On éloigne une échelle d’un pigeonnier de quatre coudées afin qu’une mangouste ou martre ne puisse sauter vers les oiseaux. On éloigne un mur d’une gouttière de quatre coudées afin de permettre au propriétaire de dresser son échelle pour l’entretenir. On éloigne un pigeonnier de la ville de cinquante coudées. On n’en établit pas non plus dans son domaine sans disposer de cinquante coudées de terrain dans chaque direction. Rabbi Yehouda exige un espace de quatre kor correspondant à la distance normale de vol du pigeon. Celui qui achète un pigeonnier déjà établi, même avec une surface bien plus petite, le conserve dans son état acquis.
Un jeune pigeon trouvé dans un rayon de cinquante coudées d’un pigeonnier appartient au propriétaire de ce pigeonnier. Au-delà de cinquante coudées, il appartient au trouveur. S’il est trouvé entre deux pigeonniers, il appartient au plus proche ; à égale distance, les deux propriétaires partagent.
On éloigne un arbre de la ville de vingt-cinq coudées ; un caroubier ou un sycomore, de cinquante. Abba Shaoul dit : tout arbre non fruitier, cinquante. Si la ville existait avant l’arbre, on coupe l’arbre sans indemnité. Si l’arbre existait avant la ville, on le coupe mais son propriétaire reçoit une indemnité. En cas de doute sur lequel existait d’abord, on coupe sans indemnité.
On éloigne une aire de battage permanente de la ville de cinquante coudées. On n’en établit pas dans son propre terrain sans disposer de cinquante coudées dans chaque direction, et on l’éloigne suffisamment des plantations et du terrain labouré de son voisin pour éviter les dommages causés par la poussière ou les débris.

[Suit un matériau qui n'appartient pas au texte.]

theorem theorem5p7:
  fixes M :: real
  assumes "M > 0"
  shows "\<exists>(VG :: nat set) EG VH EH.
           connected_graph VG EG \<and> connected_graph VH EH \<and> subgraph VH EH VG EG \<and>
           real (mdim VH EH) / real (mdim VG EG) > M \<and>
           real (bdim VH EH) / real (bdim VG EG) > M \<and>
           real (adim VH EH) / real (adim VG EG) > M"
proof -
  obtain m where m: "M * (real m + 1) < 2 ^ m - 1" using ex_linear_less_power_two by blast
  let ?VG = "bitvec_verts m" and ?EG = "bitvec_edges m"
  let ?VH = "star_verts m" and ?EH = "star_edges m"
  have G: "connected_graph ?VG ?EG" and H: "connected_graph ?VH ?EH"
    by (rule connected_graph_bitvec connected_graph_star)+
  have "0 < mdim ?VG ?EG" by (rule mdim_pos[OF G, of 0 1]) (auto simp: bitvec_verts_def)
  moreover have "adim ?VG ?EG \<le> m + 1" using adim_le_card[OF adj_resolving_set_bitvec] by simp
  moreover have "card (code_verts m) \<le> mdim ?VH ?EH + 1"
    using card_twins_le_Suc_mdim[OF H] twins_star subset_insertI unfolding star_verts_def by metis
  moreover note mdim_le_bdim[OF G] bdim_le_adim[OF G] mdim_le_bdim[OF H] bdim_le_adim[OF H]
  ultimately have "M < real (mdim ?VH ?EH) / real (mdim ?VG ?EG)"
    "M < real (bdim ?VH ?EH) / real (bdim ?VG ?EG)"
    "M < real (adim ?VH ?EH) / real (adim ?VG ?EG)"
    by (auto simp: code_verts_def intro!: less_ratio_if_bounds[OF assms m])
  with G H subgraph_star_bitvec show ?thesis by blast
qed

end
(* Let $(X,d,f)$ be a TDS. Then for all $\alpha>0$, $$\sup_{\mu\in M(X,f)}\underline h^{BK}_\mu(f,\alpha)\le h^\alpha_{top}(f,X).$$
   Context: A TDS $(X,d,f)$: compact metric space and continuous $f$; $M(X,f)$ is the set of $f$-invariant Borel probability measures. $d_n^\alpha(x,y)=\max_{0\le i\le n-1}e^{\alpha i}d(f^ix,f^iy)$; $B_n^\alpha(x,\varepsilon)=\{y:d_n^\alpha(x,y)<\varepsilon\}$. Lower $\alpha$-local Brin–Katok entropy: $\underline h^{BK}_\mu(f,\alpha)=\int_X\lim_{\varepsilon\to0}\liminf_{n\to\infty}\frac{-\log\mu(B_n^\alpha(x,\varepsilon))}{n}\,d\mu(x)$. $\alpha$-topological entropy: $E\subset X$ is $(n,\alpha,\varepsilon)$-spanning if every $x\in X$ has $y\in E$ with $d_n^\alpha(x,y)<\varepsilon$; $r_n(f,\alpha,X,\varepsilon)$ is the minimal cardinality of such a set; $h^\alpha_{top}(f,X)=\lim_{\varepsilon\to0}\limsup_{n\to\infty}\frac1n\log r_n(f,\alpha,X,\varepsilon)$. *)

theory Defs
  imports "HOL-Probability.Probability"
begin

text \<open>Topological dynamical system: a compact metric space X (a compact subset of a
metric type, with the induced metric) and a continuous self map f of X.\<close>
definition TDS :: "'a::metric_space set \<Rightarrow> ('a \<Rightarrow> 'a) \<Rightarrow> bool" where
  "TDS X f \<longleftrightarrow> compact X \<and> continuous_on X f \<and> f ` X \<subseteq> X"

definition invariant_measures :: "'a::metric_space set \<Rightarrow> ('a \<Rightarrow> 'a) \<Rightarrow> 'a measure set" where
  "invariant_measures X f =
     {\<mu>. prob_space \<mu> \<and> sets \<mu> = sets (restrict_space borel X) \<and>
          (\<forall>A \<in> sets \<mu>. emeasure \<mu> (f -` A \<inter> X) = emeasure \<mu> A)}"

definition dn_alpha :: "('a::metric_space \<Rightarrow> 'a) \<Rightarrow> real \<Rightarrow> nat \<Rightarrow> 'a \<Rightarrow> 'a \<Rightarrow> real" where
  "dn_alpha f \<alpha> n x y = (MAX i \<in> {..<n}. exp (\<alpha> * real i) * dist ((f ^^ i) x) ((f ^^ i) y))"

definition Bn_alpha :: "'a::metric_space set \<Rightarrow> ('a \<Rightarrow> 'a) \<Rightarrow> real \<Rightarrow> nat \<Rightarrow> 'a \<Rightarrow> real \<Rightarrow> 'a set" where
  "Bn_alpha X f \<alpha> n x \<epsilon> = {y \<in> X. dn_alpha f \<alpha> n x y < \<epsilon>}"

definition neg_log_ratio :: "'a measure \<Rightarrow> 'a set \<Rightarrow> nat \<Rightarrow> ereal" where
  "neg_log_ratio \<mu> B n =
     (if measure \<mu> B = 0 then \<infinity> else ereal (- ln (measure \<mu> B) / real n))"

definition local_lower_entropy ::
  "'a::metric_space set \<Rightarrow> ('a \<Rightarrow> 'a) \<Rightarrow> 'a measure \<Rightarrow> real \<Rightarrow> 'a \<Rightarrow> ereal" where
  "local_lower_entropy X f \<mu> \<alpha> x =
     Lim (at_right (0::real))
       (\<lambda>\<epsilon>. liminf (\<lambda>n. neg_log_ratio \<mu> (Bn_alpha X f \<alpha> n x \<epsilon>) n))"

definition lower_BK_entropy ::
  "'a::metric_space set \<Rightarrow> ('a \<Rightarrow> 'a) \<Rightarrow> 'a measure \<Rightarrow> real \<Rightarrow> ereal" where
  "lower_BK_entropy X f \<mu> \<alpha> =
     enn2ereal (\<integral>\<^sup>+ x. e2ennreal (local_lower_entropy X f \<mu> \<alpha> x) \<partial>\<mu>)"

definition spanning :: "'a::metric_space set \<Rightarrow> ('a \<Rightarrow> 'a) \<Rightarrow> real \<Rightarrow> nat \<Rightarrow> real \<Rightarrow> 'a set \<Rightarrow> bool" where
  "spanning X f \<alpha> n \<epsilon> E \<longleftrightarrow> E \<subseteq> X \<and> (\<forall>x\<in>X. \<exists>y\<in>E. dn_alpha f \<alpha> n x y < \<epsilon>)"

definition r_span :: "'a::metric_space set \<Rightarrow> ('a \<Rightarrow> 'a) \<Rightarrow> real \<Rightarrow> nat \<Rightarrow> real \<Rightarrow> nat" where
  "r_span X f \<alpha> n \<epsilon> = (LEAST k. \<exists>E. finite E \<and> card E = k \<and> spanning X f \<alpha> n \<epsilon> E)"

definition top_entropy_alpha :: "'a::metric_space set \<Rightarrow> ('a \<Rightarrow> 'a) \<Rightarrow> real \<Rightarrow> ereal" where
  "top_entropy_alpha X f \<alpha> =
     Lim (at_right (0::real))
       (\<lambda>\<epsilon>. limsup (\<lambda>n. ereal (ln (real (r_span X f \<alpha> n \<epsilon>)) / real n)))"

end

theory Submission
  imports Defs "HOL-Real_Asymp.Real_Asymp"
begin

text \<open>Let \<open>\<mu>\<close> be a Borel probability measure on \<open>X\<close> and let \<open>t > s\<close> both exceed the
  \<open>\<alpha>\<close>-topological entropy. For small \<open>\<epsilon>\<close> and large \<open>n\<close> some \<open>(n, \<alpha>, \<epsilon>/2)\<close>-spanning
  set has at most \<open>exp (n s)\<close> points. By the triangle inequality for \<open>d\<^sub>n\<^sup>\<alpha>\<close>, the points \<open>x\<close>
  with \<open>\<mu> (B\<^sub>n\<^sup>\<alpha>(x, \<epsilon>)) \<le> exp (- n t)\<close> for all large \<open>n\<close> are covered by at most
  \<open>exp (n s)\<close> of their own \<open>\<epsilon>\<close>-balls, one for each point of the spanning set that is
  \<open>\<epsilon>/2\<close>-close to one of them. So they form a set of outer measure at most
  \<open>exp (- n (t - s))\<close> for every large \<open>n\<close>, a null set. Hence the lower local entropy
  is at most \<open>t\<close> almost everywhere, and integrating gives the bound.\<close>

lemma continuous_on_funpow:
  assumes "continuous_on X f" "f ` X \<subseteq> X"
  shows "continuous_on X (f ^^ n)"
proof (induction n)
  case 0
  then show ?case by (simp add: continuous_on_id)
next
  case (Suc n)
  have "(f ^^ n) ` X \<subseteq> X"
    using assms(2) by (induction n) auto
  then show ?case
    using continuous_on_compose2[OF assms(1) Suc] by simp
qed
lemma A_submodule_generated: "A_submodule sM act (range (\<lambda>g. \<Sum>\<xi>\<in>F. act (g \<xi>) \<xi>))"
  (is "A_submodule sM act ?N")
  unfolding A_submodule_def M.subspace_def
proof (intro conjI ballI allI)
  show "0 \<in> ?N"
    by (rule range_eqI[of _ _ "\<lambda>_. 0"]) simp
  show "x + y \<in> ?N" if xy: "x \<in> ?N" "y \<in> ?N" for x y
  proof -
    obtain g h where "x = (\<Sum>\<xi>\<in>F. act (g \<xi>) \<xi>)" "y = (\<Sum>\<xi>\<in>F. act (h \<xi>) \<xi>)"
      using xy by blast
    then have "x + y = (\<Sum>\<xi>\<in>F. act (g \<xi> + h \<xi>) \<xi>)"
      by (simp add: act_add_left sum.distrib)
    then show ?thesis
      by (rule range_eqI[where x = "\<lambda>\<xi>. g \<xi> + h \<xi>"])
  qed
  show "sM c x \<in> ?N" if x: "x \<in> ?N" for c x
  proof -
    obtain g where "x = (\<Sum>\<xi>\<in>F. act (g \<xi>) \<xi>)"
      using x by blast
    then have "sM c x = (\<Sum>\<xi>\<in>F. act (sA c (g \<xi>)) \<xi>)"
      by (simp add: act_scale_left M.scale_sum_right)
    then show ?thesis
      by (rule range_eqI[where x = "\<lambda>\<xi>. sA c (g \<xi>)"])
  qed
  show "act a x \<in> ?N" if x: "x \<in> ?N" for a x
  proof -
    obtain g where "x = (\<Sum>\<xi>\<in>F. act (g \<xi>) \<xi>)"
      using x by blast
    then have "act a x = (\<Sum>\<xi>\<in>F. act (a * g \<xi>) \<xi>)"
      by (simp add: act_sum_right act_mult)
    then show ?thesis
      by (rule range_eqI[where x = "\<lambda>\<xi>. a * g \<xi>"])
  qed
qed

lemma Bset_eq_on_generators:
  assumes F: "surj (\<lambda>g. \<Sum>\<xi>\<in>F. act (g \<xi>) \<xi>)"
    and "T \<in> \<B>" "T' \<in> \<B>" and agree: "\<And>\<xi>. \<xi> \<in> F \<Longrightarrow> T \<xi> = T' \<xi>"
  shows "T = T'"
proof
  fix x
  obtain g where "x = (\<Sum>\<xi>\<in>F. act (g \<xi>) \<xi>)"
    using F unfolding surj_def by blast
  then have "T x = (\<Sum>\<xi>\<in>F. act (g \<xi>) (T \<xi>))" and "T' x = (\<Sum>\<xi>\<in>F. act (g \<xi>) (T' \<xi>))"
    using assms(2,3) by (simp_all add: Bset_sum_apply Bset_act_apply)
  then show "T x = T' x"
    using agree by simp
qed
lemma alg_run_invariant:
  assumes "\<forall>j'<j. alg_cond n (alg_run n q z K j')"
  shows "well_formed_S n (alg_run n q z K j) \<and> y_invariant n z (alg_run n q z K j) \<and>
    (\<forall>i\<in>{1..n} - stS (alg_run n q z K j). iR (alg_run n q z K j) i = blocker_before n q z K j i)"
  using assms
proof (induction j)
  case 0
  have "iR (alg_init n z K) i = n + 1" if "i \<in> {1..n}" for i
    by (rule iR_eqI[of n]) (use that in \<open>auto simp: alg_init_def well_formed_S_def\<close>)
  then show ?case
    by (auto simp: alg_run_def alg_init_def well_formed_S_def y_invariant_def blocker_before_0)
next
  case (Suc j)
  define st where "st = alg_run n q z K j"
  have IH: "well_formed_S n st" "y_invariant n z st"
    "\<And>i. i \<in> {1..n} - stS st \<Longrightarrow> iR st i = blocker_before n q z K j i"
    using Suc unfolding st_def by auto
  have nonfull: "stS st \<noteq> {0..n + 1}" using Suc.prems by (simp add: st_def alg_cond_def)
  have upd: "updates n q z K j i \<longleftrightarrow> iL st (istar n st) < i \<and> i < istar n st" for i
    using Suc.prems updates_iff[of n q z K j i] unfolding st_def performed_def by simp
  have "iR (alg_step n q z st) i = blocker_before n q z K (Suc j) i"
    if "i \<in> {1..n} - stS (alg_step n q z st)" for i
    using iR_alg_step[OF IH(1) nonfull that] IH(3)[of i] that
    by (simp add: blocker_before_Suc upd stS_alg_step st_def)
  then show ?case
    using well_formed_S_alg_step[OF IH(1) nonfull] y_invariant_alg_step[OF IH(1) nonfull IH(2)]
    by (simp add: alg_run_Suc st_def)
qed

On éloigne de la ville de cinquante coudées les cadavres, les cimetières et une tannerie. Une tannerie ne doit être installée qu’à l’est de la ville selon le premier avis. Rabbi Aqiva dit qu’elle peut être installée dans toute direction sauf à l’ouest, à condition de respecter cinquante coudées.
On éloigne un bassin de rouissage de légumes, les poireaux des oignons, et la moutarde des abeilles, lorsqu’ils se nuisent mutuellement. Rabbi Yossi permet le cas de la moutarde près des abeilles.
On éloigne un arbre d’une fosse de vingt-cinq coudées, et un caroubier ou sycomore de cinquante, que l’arbre soit plus haut ou sur le côté. Si la fosse était là la première, le propriétaire de l’arbre coupe et reçoit une indemnité. Si l’arbre était là le premier, il ne coupe pas. En cas de doute, il ne coupe pas. Rabbi Yossi dit : même si la fosse existait avant, il ne coupe pas, car l’un creuse dans son propre terrain et l’autre plante dans son propre terrain.
On ne plante pas un arbre près du champ de son voisin sans laisser quatre coudées, qu’il s’agisse de vignes ou d’un autre arbre. S’il y a une clôture entre les deux, chacun peut planter jusqu’à la clôture de son côté. Si des racines pénètrent dans le champ voisin, le voisin peut les couper jusqu’à une profondeur de trois téfahim afin qu’elles n’entravent pas la charrue. S’il creuse une fosse, un puits étroit ou une cave, il peut couper les racines aussi profondément que nécessaire ; le bois des racines lui appartient.
Un arbre penche sur le champ du voisin : celui-ci peut couper ce qui gêne le passage de la charrue jusqu’à la hauteur de l’aiguillon. Pour un caroubier ou un sycomore, il peut couper à la verticale de la limite. Dans un champ irrigué, il peut couper à la verticale tout arbre qui fait obstacle. Abba Shaoul dit : tout arbre non fruitier est coupé à la verticale.
Un arbre penche sur le domaine public : son propriétaire coupe suffisamment pour qu’un chameau et son cavalier puissent passer. Rabbi Yehouda dit : assez pour un chameau chargé de lin ou de fagots. Rabbi Shimon dit : on coupe tout ce qui dépasse à la verticale, à cause du risque lié à l’impureté transportée ou cachée sous les branches.